Buyers often search for Nimonic 263 equivalent because different drawings, countries, and suppliers may use different names for the same or closely related material. One drawing may call for Nimonic 263, another may specify UNS N07263, another may list W.Nr. 2.4650, and an aerospace purchase order may require AMS 5872 or AMS 5886. Understanding these equivalents helps avoid material mismatch during procurement.

Nimonic 263 Equivalent Grades Overview

The most important Nimonic 263 equivalents are designation equivalents, not always performance substitutes. In other words, UNS N07263, W.Nr. 2.4650, Alloy C-263, and NiCo20Cr20MoTi refer to the same alloy family. Materials such as Nimonic 80A, Inconel 718, and Waspaloy are not direct equivalents; they are alternative high-temperature alloys that may be considered only after engineering review.

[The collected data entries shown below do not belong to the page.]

theorem lemma3p6:
  fixes N :: nat and L :: "nat list" and Wd :: "real mat" and k :: int
    and \<beta> :: "nat \<Rightarrow> real" and f :: "real \<Rightarrow> complex vec" and lam :: "real \<Rightarrow> complex"
    and s :: nat and g :: "complex vec"
  assumes "1 \<le> N" and "1 \<le> length L" and "length L \<le> N"
    and "bandwidth_vec L N"
    and "admissible L N Wd"
    and "\<forall>s<length L. \<forall>t<length L. s \<noteq> t \<longrightarrow>
           cis (- 2 * pi * of_int k * \<beta> s) \<noteq> cis (- 2 * pi * of_int k * \<beta> t)"
    and "\<exists>\<epsilon>0>0. \<forall>\<epsilon>. 0 < \<epsilon> \<and> \<epsilon> < \<epsilon>0 \<longrightarrow>
           f \<epsilon> \<in> carrier_vec N \<and> vnorm (f \<epsilon>) = 1 \<and>
           (Dmat L k \<beta> * (1\<^sub>m N + complex_of_real \<epsilon> \<cdot>\<^sub>m cmat Wd)) *\<^sub>v f \<epsilon> = lam \<epsilon> \<cdot>\<^sub>v f \<epsilon>"
    and "s < length L"
    and "(lam \<longlongrightarrow> cis (- 2 * pi * of_int k * \<beta> s)) (at_right 0)"
    and "accum_point_at0 N f g"
  shows "\<exists>\<mu>. eigenvector (Dmat L k \<beta> * Wblockdiag L (cmat Wd)) g \<mu>"
proof -
  have L: "sum_list L = N"
    using assms(4) by (simp add: bandwidth_vec_def)
  have W: "cmat Wd \<in> carrier_mat N N"
    using assms(5) by (auto simp: admissible_def cmat_def)
  obtain e :: "nat \<Rightarrow> real" where e: "\<And>m. 0 < e m" "e \<longlonglongrightarrow> 0" and g: "g \<in> carrier_vec N"
    and lim: "\<And>i. i < N \<Longrightarrow> (\<lambda>m. f (e m) $ i) \<longlonglongrightarrow> g $ i"
    using assms(10) unfolding accum_point_at0_def by blast
  obtain \<epsilon>0 where "\<epsilon>0 > 0" and f: "\<And>\<epsilon>. 0 < \<epsilon> \<Longrightarrow> \<epsilon> < \<epsilon>0 \<Longrightarrow> f \<epsilon> \<in> carrier_vec N \<and> vnorm (f \<epsilon>) = 1 \<and>
      (Dmat L k \<beta> * (1\<^sub>m N + complex_of_real \<epsilon> \<cdot>\<^sub>m cmat Wd)) *\<^sub>v f \<epsilon> = lam \<epsilon> \<cdot>\<^sub>v f \<epsilon>"
    using assms(7) by blast
  have eventually_f: "eventually (\<lambda>m. complex_of_real (e m) \<noteq> 0 \<and> f (e m) \<in> carrier_vec N \<and>
      vnorm (f (e m)) = 1 \<and>
      (Dmat L k \<beta> * (1\<^sub>m N + complex_of_real (e m) \<cdot>\<^sub>m cmat Wd)) *\<^sub>v f (e m) = lam (e m) \<cdot>\<^sub>v f (e m))
      sequentially"
    using order_tendstoD(2)[OF e(2) \<open>\<epsilon>0 > 0\<close>] by eventually_elim (use e f in force)
  have "g \<noteq> 0\<^sub>v N"
    using eventually_f
    by (intro limit_of_unit_vectors_nonzero[OF g sequentially_bot _ lim]) (auto elim: eventually_mono)
  moreover have "(\<lambda>m. lam (e m)) \<longlonglongrightarrow> block_phase k \<beta> s"
    using filterlim_compose[OF assms(9) tendsto_imp_filterlim_at_right[OF e(2)]] e(1)
    by (simp add: block_phase_def)
  moreover have "(\<lambda>m. complex_of_real (e m)) \<longlonglongrightarrow> 0"
    using tendsto_of_real[OF e(2)] by simp
  ultimately show ?thesis
    using assms(6,8) eventually_f g lim
    by (intro perturbed_eigenvector_limit_is_block_eigenvector[OF L W])
      (auto simp: block_phase_def elim: eventually_mono)
qed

Important Note About “Equivalent”

For procurement, “equivalent” must be understood carefully. A designation equivalent means the same alloy is identified under another naming system. A substitute alloy means another material may perform similarly in some conditions but is not automatically interchangeable. For critical components, the required standard and customer approval should always control the final material choice.

Nimonic 263 UNS N07263 Equivalent

UNS N07263 is the Unified Numbering System designation for Nimonic 263. When a drawing or purchase order states UNS N07263, the buyer is generally referring to the same nickel-cobalt-chromium-molybdenum alloy family as Nimonic 263 or Alloy C-263.

Why UNS N07263 Matters

The UNS number is useful because trade names can vary between suppliers. One supplier may write Nimonic 263, another may write Alloy C-263, and another may use Nicrofer 5120 CoTi. The UNS number helps identify the alloy more clearly in international trade and engineering documents.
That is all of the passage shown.